А кто для рабби идеальный выбор, спросил Эпштейн, который когда-то мог вести светскую беседу даже во сне.

Сам Давид, ответил Клаузнер, резко развернувшись, и Эпштейну показалось, что он заметил в глазах Клаузнера кроме уже привычного блеска что-то еще, что-то, что он принял бы за отсвет безумия, если бы не осознавал так четко, что очень устал и в голове у него туман.

– Так вы думаете, мои корни идут от него? – негромко поинтересовался Эпштейн.

– Я это знаю.

Наконец, когда сил стоять у него уже совсем не было, паломник Эпштейн снял пиджак и сел на кровать, потом закинул на нее ноги. На одно абсурдное мгновение ему показалось, что раввин сейчас нагнется и подоткнет ему одеяло. Но Клаузнер, добившись наконец желаемого, пожелал Эпштейну спокойной ночи и обещал разбудить его рано утром. Когда он уже закрывал дверь, Эпштейн его окликнул:

– Менахем?

Клаузнер обернулся; лицо его раскраснелось от возбуждения.

– Да?

– Кем вы были до этого?

– Что? До «Гилгуля»?

– Что-то мне подсказывает, что вы не всегда были религиозны.

– Я и сейчас не религиозен, – усмехнулся Клаузнер. Но потом он взял себя в руки, и лицо его снова стало серьезным. – Да, это целая история.

– При всем моем уважении, я бы лучше об этом послушал, чем о восстановлении арок.

– Все, что вы захотите узнать.

– И вот еще, – вспомнил Эпштейн. – Почему вы назвали это место «Гилгуль»? По-моему, звучит, как будто в горле булькает.

– Название «Ливнот У’Лехибанот» – это значит «строить и быть построенным» – уже досталось заведению дальше по улице, как и пожертвование от Еврейской федерации Палм-Бич.

– А чем они там занимаются?

– Хитбодедут. Хасидской медитацией. После каждого выездного семинара они посылают учеников поодиночке в лес. Созерцать. Петь и кричать. Испытать возвышенное состояние духа. Иногда кто-то теряется, и приходится вызывать спасателей. Но слово «Гилгуль» лучше, чем его звучание, – сказал Клаузнер и объяснил, что оно означает «цикл» или «колесо», но в каббале это понятие относится к переселению душ. В более духовно высокие миры, если ты к этому готов.

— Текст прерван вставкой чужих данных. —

(* Let $\mathcal{N}$ be a fully-connected feed-forward network with layer widths $n_0=d,n_1,\dots,n_H=1$, mass $\Psi=\prod_{i=0}^H n_i$ and with weight set $\mathcal{W}=\{w_1,\dots,w_N\}$ of real numbers, whose expected output is \[ Y_N = q\sum_{i_1,\dots,i_H=1}^{N}\ \sum_{j=1}^{r_{i_1,\dots,i_H}} X^{(j)}_{i_1,\dots,i_H}\,\rho\prod_{k=1}^H w_{i_k}, \] where $q=\Psi^{-(H-1)/(2H)}$, $\rho\in(0,1]$, $r_{i_1,\dots,i_H}\in\{0,1\}$ indicates whether the ordered weight configuration $(w_{i_1},\dots,w_{i_H})$ is the sequence of weights along some input-to-output path (so $\sum r_{i_1,\dots,i_H}=\Psi$), and the $X^{(j)}_{i_1,\dots,i_H}$ are independent $N(0,1)$ random variables. Let $\mathcal{M}$ be an $(s,\epsilon)$-reduction image of $\mathcal{N}$ for some $s\le N$ and $\epsilon\in[0,0.5]$, and let $Y_s$ be the expected output of $\mathcal{M}$ (defined by the same formula with $\mathcal{M}$'s edge weights). Then \[ \mathrm{corr}(\mathrm{sign}(Y_s),\mathrm{sign}(Y_N))\ \ge\ \frac{1-2\epsilon}{1+2\epsilon}, \] where $\mathrm{corr}(A,B)=\frac{\mathbb{E}[(A-\mathbb{E}A)(B-\mathbb{E}B)]}{\mathrm{std}(A)\,\mathrm{std}(B)}$.
   Context: A network $\mathcal{M}$ is an $(s,\epsilon)$-reduction image of $\mathcal{N}$ (for $\epsilon\in[0,1]$) if it has the same graph of connections as $\mathcal{N}$ but its edge weights take only $s\le N$ distinct values, and the prediction accuracies of $\mathcal{N}$ and $\mathcal{M}$ differ by no more than $\epsilon$, i.e. they classify at most an $\epsilon$ fraction of data points differently (the prediction being the sign of the output; $\mathrm{sign}(Y_s)$ and $\mathrm{sign}(Y_N)$ are random, with randomness coming from the inputs $X$). *)

theory Defs
  imports "HOL-Probability.Probability"
begin

text \<open>A fully-connected feed-forward network with H layers of edges and layer widths
  n 0 = d, n 1, ..., n H = 1.  Nodes of layer k are 0 ..< n k.  An edge weight assignment
  w k a b is the weight of the edge from node a of layer k-1 to node b of layer k
  (for 1 <= k <= H).  An input-to-output path picks one node p k in every layer k <= H
  (normalised by p k = 0 for k > H).\<close>

definition paths :: "(nat \<Rightarrow> nat) \<Rightarrow> nat \<Rightarrow> (nat \<Rightarrow> nat) set" where
  "paths n H = {p. (\<forall>k\<le>H. p k < n k) \<and> (\<forall>k>H. p k = 0)}"

definition edges :: "(nat \<Rightarrow> nat) \<Rightarrow> nat \<Rightarrow> (nat \<times> nat \<times> nat) set" where
  "edges n H = {(k, a, b). 1 \<le> k \<and> k \<le> H \<and> a < n (k - 1) \<and> b < n k}"

definition weight_values :: "(nat \<Rightarrow> nat) \<Rightarrow> nat \<Rightarrow> (nat \<Rightarrow> nat \<Rightarrow> nat \<Rightarrow> real) \<Rightarrow> real set" where
  "weight_values n H w = (\<lambda>(k, a, b). w k a b) ` edges n H"

definition path_weight :: "nat \<Rightarrow> (nat \<Rightarrow> nat \<Rightarrow> nat \<Rightarrow> real) \<Rightarrow> (nat \<Rightarrow> nat) \<Rightarrow> real" where
  "path_weight H w p = (\<Prod>k\<in>{1..H}. w k (p (k - 1)) (p k))"

definition mass :: "(nat \<Rightarrow> nat) \<Rightarrow> nat \<Rightarrow> nat" where
  "mass n H = (\<Prod>i\<in>{0..H}. n i)"

definition qconst :: "(nat \<Rightarrow> nat) \<Rightarrow> nat \<Rightarrow> real" where
  "qconst n H = real (mass n H) powr (- (real H - 1) / (2 * real H))"

text \<open>Since every path is determined by its sequence of edges (each edge carries its own weight
  index), each ordered weight configuration occurs on at most one path (r in {0,1}), so the
  sum over configurations with multiplicities r is the sum over paths.\<close>
definition net_output :: "(nat \<Rightarrow> nat) \<Rightarrow> nat \<Rightarrow> real \<Rightarrow> (nat \<Rightarrow> nat \<Rightarrow> nat \<Rightarrow> real)
    \<Rightarrow> ((nat \<Rightarrow> nat) \<Rightarrow> 'a \<Rightarrow> real) \<Rightarrow> 'a \<Rightarrow> real" where
  "net_output n H \<rho> w X \<omega> = qconst n H * (\<Sum>p\<in>paths n H. X p \<omega> * \<rho> * path_weight H w p)"

text \<open>(s, eps)-reduction image: same graph (same widths), edge weights w' taking exactly s
  distinct values with s <= N (N = number of weights/edges), and the predictions (signs)
  differ on at most an eps fraction (probability) of inputs.\<close>
definition reduction_image :: "'a measure \<Rightarrow> (nat \<Rightarrow> nat) \<Rightarrow> nat \<Rightarrow> real
    \<Rightarrow> ((nat \<Rightarrow> nat) \<Rightarrow> 'a \<Rightarrow> real) \<Rightarrow> (nat \<Rightarrow> nat \<Rightarrow> nat \<Rightarrow> real) \<Rightarrow> (nat \<Rightarrow> nat \<Rightarrow> nat \<Rightarrow> real)
    \<Rightarrow> nat \<Rightarrow> real \<Rightarrow> bool" where
  "reduction_image M n H \<rho> X w w' s \<epsilon> \<longleftrightarrow>
     s \<le> card (edges n H) \<and> card (weight_values n H w') = s \<and> 0 \<le> \<epsilon> \<and> \<epsilon> \<le> 1 \<and>
     measure M {\<omega> \<in> space M. sgn (net_output n H \<rho> w' X \<omega>) \<noteq> sgn (net_output n H \<rho> w X \<omega>)}
       \<le> \<epsilon>"

definition variance_of :: "'a measure \<Rightarrow> ('a \<Rightarrow> real) \<Rightarrow> real" where
  "variance_of M A = (\<integral>\<omega>. (A \<omega> - (\<integral>x. A x \<partial>M))\<^sup>2 \<partial>M)"

definition corr :: "'a measure \<Rightarrow> ('a \<Rightarrow> real) \<Rightarrow> ('a \<Rightarrow> real) \<Rightarrow> real" where
  "corr M A B =
     (\<integral>\<omega>. (A \<omega> - (\<integral>x. A x \<partial>M)) * (B \<omega> - (\<integral>x. B x \<partial>M)) \<partial>M)
       / (sqrt (variance_of M A) * sqrt (variance_of M B))"

end

theory Submission
  imports Defs
begin

text \<open>The output of a network is a linear combination of independent standard normal
  variables, hence a centred Gaussian (non-degenerate, since the sign of the output has
  nonzero variance). Its sign is therefore \<open>\<plusminus>1\<close> almost surely with mean zero
  and variance one, for both networks. For two such sign variables the correlation is
  \<open>E[AB] = 1 - 2 P(A \<noteq> B) \<ge> 1 - 2\<epsilon>\<close>, and \<open>1 - 2\<epsilon> \<ge> (1 - 2\<epsilon>)/(1 + 2\<epsilon>)\<close>.\<close>

lemma (in prob_space) std_normal_combination_distributed:
  fixes X :: "'i \<Rightarrow> 'a \<Rightarrow> real" and c :: "'i \<Rightarrow> real"
  assumes ind: "indep_vars (\<lambda>_. borel) X P"
    and normal: "\<forall>p\<in>P. distributed M lborel (X p) std_normal_density"
    and "finite P" and "\<exists>p\<in>P. c p \<noteq> 0"
  shows "distributed M lborel (\<lambda>\<omega>. \<Sum>p\<in>P. c p * X p \<omega>)
           (normal_density 0 (sqrt (\<Sum>p\<in>P. (c p)\<^sup>2)))"
proof -
  define P' where "P' = {p\<in>P. c p \<noteq> 0}"
  have "finite P'" "P' \<noteq> {}" using assms(3,4) by (auto simp: P'_def)
  have sum_P': "(\<Sum>p\<in>P. f p) = (\<Sum>p\<in>P'. f p)" if "\<And>p. c p = 0 \<Longrightarrow> f p = 0" for f :: "'i \<Rightarrow> real"
    by (rule sum.mono_neutral_right) (use assms(3) that in \<open>auto simp: P'_def\<close>)
  have "indep_vars (\<lambda>_. borel) (\<lambda>p \<omega>. c p * X p \<omega>) P'"
    by (rule indep_vars_compose2[where Y="\<lambda>p x. c p * x" and M'="\<lambda>_. borel"])
       (auto intro: indep_vars_subset[OF ind] simp: P'_def)
  moreover have "distributed M lborel (\<lambda>\<omega>. c p * X p \<omega>) (normal_density 0 \<bar>c p\<bar>)"
    if "p \<in> P'" for p
    using normal_density_affine[of "X p" 0 1 "c p" 0] that normal by (auto simp: P'_def)
  ultimately have "distributed M lborel (\<lambda>\<omega>. \<Sum>p\<in>P'. c p * X p \<omega>)
                     (normal_density 0 (sqrt (\<Sum>p\<in>P'. \<bar>c p\<bar>\<^sup>2)))"
    using sum_indep_normal[OF \<open>finite P'\<close> \<open>P' \<noteq> {}\<close>, of "\<lambda>p \<omega>. c p * X p \<omega>" "\<lambda>p. \<bar>c p\<bar>" "\<lambda>_. 0"]
    by (auto simp: P'_def)
  then show ?thesis by (simp add: sum_P')
qed

lemma (in prob_space) AE_centered_normal_nonzero:
  assumes "distributed M lborel Y (normal_density 0 \<sigma>)"
  shows "AE \<omega> in M. Y \<omega> \<noteq> 0"
proof -
  have "AE y in density lborel (normal_density 0 \<sigma>). y \<noteq> 0"
    by (subst AE_density) (auto intro: AE_mp[OF AE_lborel_singleton])
  then have "AE y in distr M lborel Y. y \<noteq> 0"
    unfolding distributed_distr_eq_density[OF assms] .
  then show ?thesis
    by (rule AE_distrD[rotated]) (use assms in \<open>auto dest: distributed_measurable\<close>)
qed

lemma (in prob_space) integral_sgn_centered_normal:
  assumes Y: "distributed M lborel Y (normal_density 0 \<sigma>)" and "0 < \<sigma>"
  shows "(\<integral>\<omega>. sgn (Y \<omega>) \<partial>M) = 0"
proof -
  have meas: "Y \<in> borel_measurable M" using Y by (auto dest: distributed_measurable)
  have "distributed M lborel (\<lambda>\<omega>. 0 + (-1) * Y \<omega>) (normal_density (0 + (-1) * 0) (\<bar>-1\<bar> * \<sigma>))"
    by (rule normal_density_affine[OF Y \<open>0 < \<sigma>\<close>]) simp
  then have symm: "distr M lborel Y = distr M lborel (\<lambda>\<omega>. - Y \<omega>)"
    using Y by (simp add: distributed_distr_eq_density)
  have "(\<integral>\<omega>. sgn (Y \<omega>) \<partial>M) = (\<integral>y. sgn y \<partial>distr M lborel Y)"
    using meas by (simp add: integral_distr)
  also have "\<dots> = (\<integral>\<omega>. sgn (- Y \<omega>) \<partial>M)"
    using meas by (simp add: symm integral_distr)
  also have "\<dots> = - (\<integral>\<omega>. sgn (Y \<omega>) \<partial>M)" by (simp add: sgn_minus)
  finally show ?thesis by simp
qed

lemma (in prob_space) sgn_std_normal_combination:
  fixes X :: "'i \<Rightarrow> 'a \<Rightarrow> real" and c :: "'i \<Rightarrow> real"
  assumes "indep_vars (\<lambda>_. borel) X P"
    and "\<forall>p\<in>P. distributed M lborel (X p) std_normal_density"
    and var: "variance_of M (\<lambda>\<omega>. sgn (\<Sum>p\<in>P. c p * X p \<omega>)) \<noteq> 0"
  shows "(AE \<omega> in M. (\<Sum>p\<in>P. c p * X p \<omega>) \<noteq> 0)"
    and "(\<integral>\<omega>. sgn (\<Sum>p\<in>P. c p * X p \<omega>) \<partial>M) = 0"
proof -
  have nondegenerate: "finite P \<and> (\<exists>p\<in>P. c p \<noteq> 0)"
  proof (rule ccontr)
    assume "\<not> ?thesis"
    then have "(\<Sum>p\<in>P. c p * X p \<omega>) = 0" for \<omega> by auto
    then show False using var by (simp add: variance_of_def)
  qed
  then have "0 < sqrt (\<Sum>p\<in>P. (c p)\<^sup>2)"
    by (auto intro!: sum_pos2)
  moreover have "distributed M lborel (\<lambda>\<omega>. \<Sum>p\<in>P. c p * X p \<omega>)
                   (normal_density 0 (sqrt (\<Sum>p\<in>P. (c p)\<^sup>2)))"
    using std_normal_combination_distributed[OF assms(1,2)] nondegenerate by blast
  ultimately show "AE \<omega> in M. (\<Sum>p\<in>P. c p * X p \<omega>) \<noteq> 0"
    and "(\<integral>\<omega>. sgn (\<Sum>p\<in>P. c p * X p \<omega>) \<partial>M) = 0"
    by (auto intro: AE_centered_normal_nonzero integral_sgn_centered_normal)
qed

lemma (in prob_space) variance_of_sgn:
  assumes "Y \<in> borel_measurable M" and "AE \<omega> in M. Y \<omega> \<noteq> 0"
    and "(\<integral>\<omega>. sgn (Y \<omega>) \<partial>M) = 0"
  shows "variance_of M (\<lambda>\<omega>. sgn (Y \<omega>)) = 1"
proof -
  have "variance_of M (\<lambda>\<omega>. sgn (Y \<omega>)) = (\<integral>\<omega>. 1 \<partial>M)"
    unfolding variance_of_def assms(3)
    by (rule integral_cong_AE) (use assms in \<open>auto simp: sgn_if elim: AE_mp\<close>)
  then show ?thesis by (simp add: prob_space)
qed

lemma (in prob_space) corr_sgn_eq:
  assumes Y: "Y \<in> borel_measurable M" "AE \<omega> in M. Y \<omega> \<noteq> 0" "(\<integral>\<omega>. sgn (Y \<omega>) \<partial>M) = 0"
    and Z: "Z \<in> borel_measurable M" "AE \<omega> in M. Z \<omega> \<noteq> 0" "(\<integral>\<omega>. sgn (Z \<omega>) \<partial>M) = 0"
  shows "corr M (\<lambda>\<omega>. sgn (Y \<omega>)) (\<lambda>\<omega>. sgn (Z \<omega>))
           = 1 - 2 * prob {\<omega> \<in> space M. sgn (Y \<omega>) \<noteq> sgn (Z \<omega>)}"
proof -
  define S where "S = {\<omega> \<in> space M. sgn (Y \<omega>) \<noteq> sgn (Z \<omega>)}"
  have S: "S \<in> events" unfolding S_def using Y(1) Z(1) by measurable
  have "AE \<omega> in M. sgn (Y \<omega>) * sgn (Z \<omega>) = 1 - 2 * indicator S \<omega>"
    using Y(2) Z(2) AE_space by eventually_elim (auto simp: S_def sgn_if)
  then have "(\<integral>\<omega>. sgn (Y \<omega>) * sgn (Z \<omega>) \<partial>M) = (\<integral>\<omega>. 1 - 2 * indicator S \<omega> \<partial>M)"
    using Y(1) Z(1) S by (intro integral_cong_AE) auto
  also have "\<dots> = 1 - 2 * prob S"
  proof -
    have "integrable M (\<lambda>\<omega>. 2 * indicator S \<omega> :: real)"
      using S by (intro integrable_mult_right integrable_real_indicator) (auto simp: less_top[symmetric])
    then show ?thesis
      using S by (simp add: Bochner_Integration.integral_diff prob_space)
  qed
  finally show ?thesis
    using variance_of_sgn[OF Y] variance_of_sgn[OF Z]
    by (simp add: corr_def Y(3) Z(3) S_def)
qed

theorem theorem3p2:
  fixes M :: "'a measure" and n :: "nat \<Rightarrow> nat" and H d s :: nat and \<rho> \<epsilon> :: real
    and w w' :: "nat \<Rightarrow> nat \<Rightarrow> nat \<Rightarrow> real" and X :: "(nat \<Rightarrow> nat) \<Rightarrow> 'a \<Rightarrow> real"
  assumes "prob_space M"
    and "1 \<le> H" and "n 0 = d" and "n H = 1" and "\<forall>i\<le>H. 1 \<le> n i"
    and "0 < \<rho>" and "\<rho> \<le> 1"
    and "prob_space.indep_vars M (\<lambda>_. borel) X (paths n H)"
    and "\<forall>p\<in>paths n H. distributed M lborel (X p) std_normal_density"
    and "reduction_image M n H \<rho> X w w' s \<epsilon>"
    and "0 \<le> \<epsilon>" and "\<epsilon> \<le> 1/2"
    and "variance_of M (\<lambda>\<omega>. sgn (net_output n H \<rho> w X \<omega>)) \<noteq> 0"
    and "variance_of M (\<lambda>\<omega>. sgn (net_output n H \<rho> w' X \<omega>)) \<noteq> 0"
  shows "corr M (\<lambda>\<omega>. sgn (net_output n H \<rho> w' X \<omega>)) (\<lambda>\<omega>. sgn (net_output n H \<rho> w X \<omega>))
           \<ge> (1 - 2 * \<epsilon>) / (1 + 2 * \<epsilon>)"
proof -
  interpret prob_space M by (rule assms(1))
  have output_sum: "net_output n H \<rho> v X
      = (\<lambda>\<omega>. \<Sum>p\<in>paths n H. (qconst n H * \<rho> * path_weight H v p) * X p \<omega>)" for v
    unfolding net_output_def by (simp add: sum_distrib_left mult_ac)
  have "X p \<in> borel_measurable M" if "p \<in> paths n H" for p
    using assms(9) that measurable_lborel1 by (metis distributed_measurable)
  then have meas: "net_output n H \<rho> v X \<in> borel_measurable M" for v
    unfolding output_sum by (auto intro!: borel_measurable_sum borel_measurable_times)
  have sgn_output: "(AE \<omega> in M. net_output n H \<rho> v X \<omega> \<noteq> 0)
      \<and> (\<integral>\<omega>. sgn (net_output n H \<rho> v X \<omega>) \<partial>M) = 0"
    if "variance_of M (\<lambda>\<omega>. sgn (net_output n H \<rho> v X \<omega>)) \<noteq> 0" for v
    using sgn_std_normal_combination[OF assms(8,9), of "\<lambda>p. qconst n H * \<rho> * path_weight H v p"]
      that unfolding output_sum by blast
  have "corr M (\<lambda>\<omega>. sgn (net_output n H \<rho> w' X \<omega>)) (\<lambda>\<omega>. sgn (net_output n H \<rho> w X \<omega>))
      = 1 - 2 * prob {\<omega> \<in> space M. sgn (net_output n H \<rho> w' X \<omega>) \<noteq> sgn (net_output n H \<rho> w X \<omega>)}"
    using sgn_output[OF assms(14)] sgn_output[OF assms(13)] by (intro corr_sgn_eq meas) auto
  moreover have "(1 - 2 * \<epsilon>) / (1 + 2 * \<epsilon>) \<le> 1 - 2 * \<epsilon>"
    using assms(11,12) by (simp add: divide_le_eq mult_le_cancel_left1)
  ultimately show ?thesis
    using assms(10) unfolding reduction_image_def by linarith
qed

end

Хотя иногда, конечно, в более суровые.


После того как прикроватная лампа была выключена, душа Юлиуса Эпштейна зашевелилась под жесткими простынями, и он снова вернулся в ту неподатливую тьму, в которую смотрел бессчетными ночами, когда не мог спать, когда в его мозге продолжались споры, шел грандиозный сбор свидетельств его правоты. Но будет ли неуступчивая тьма выглядеть для него как-то по-другому теперь, во время перемирия, которое наступило внутри него в последние месяцы?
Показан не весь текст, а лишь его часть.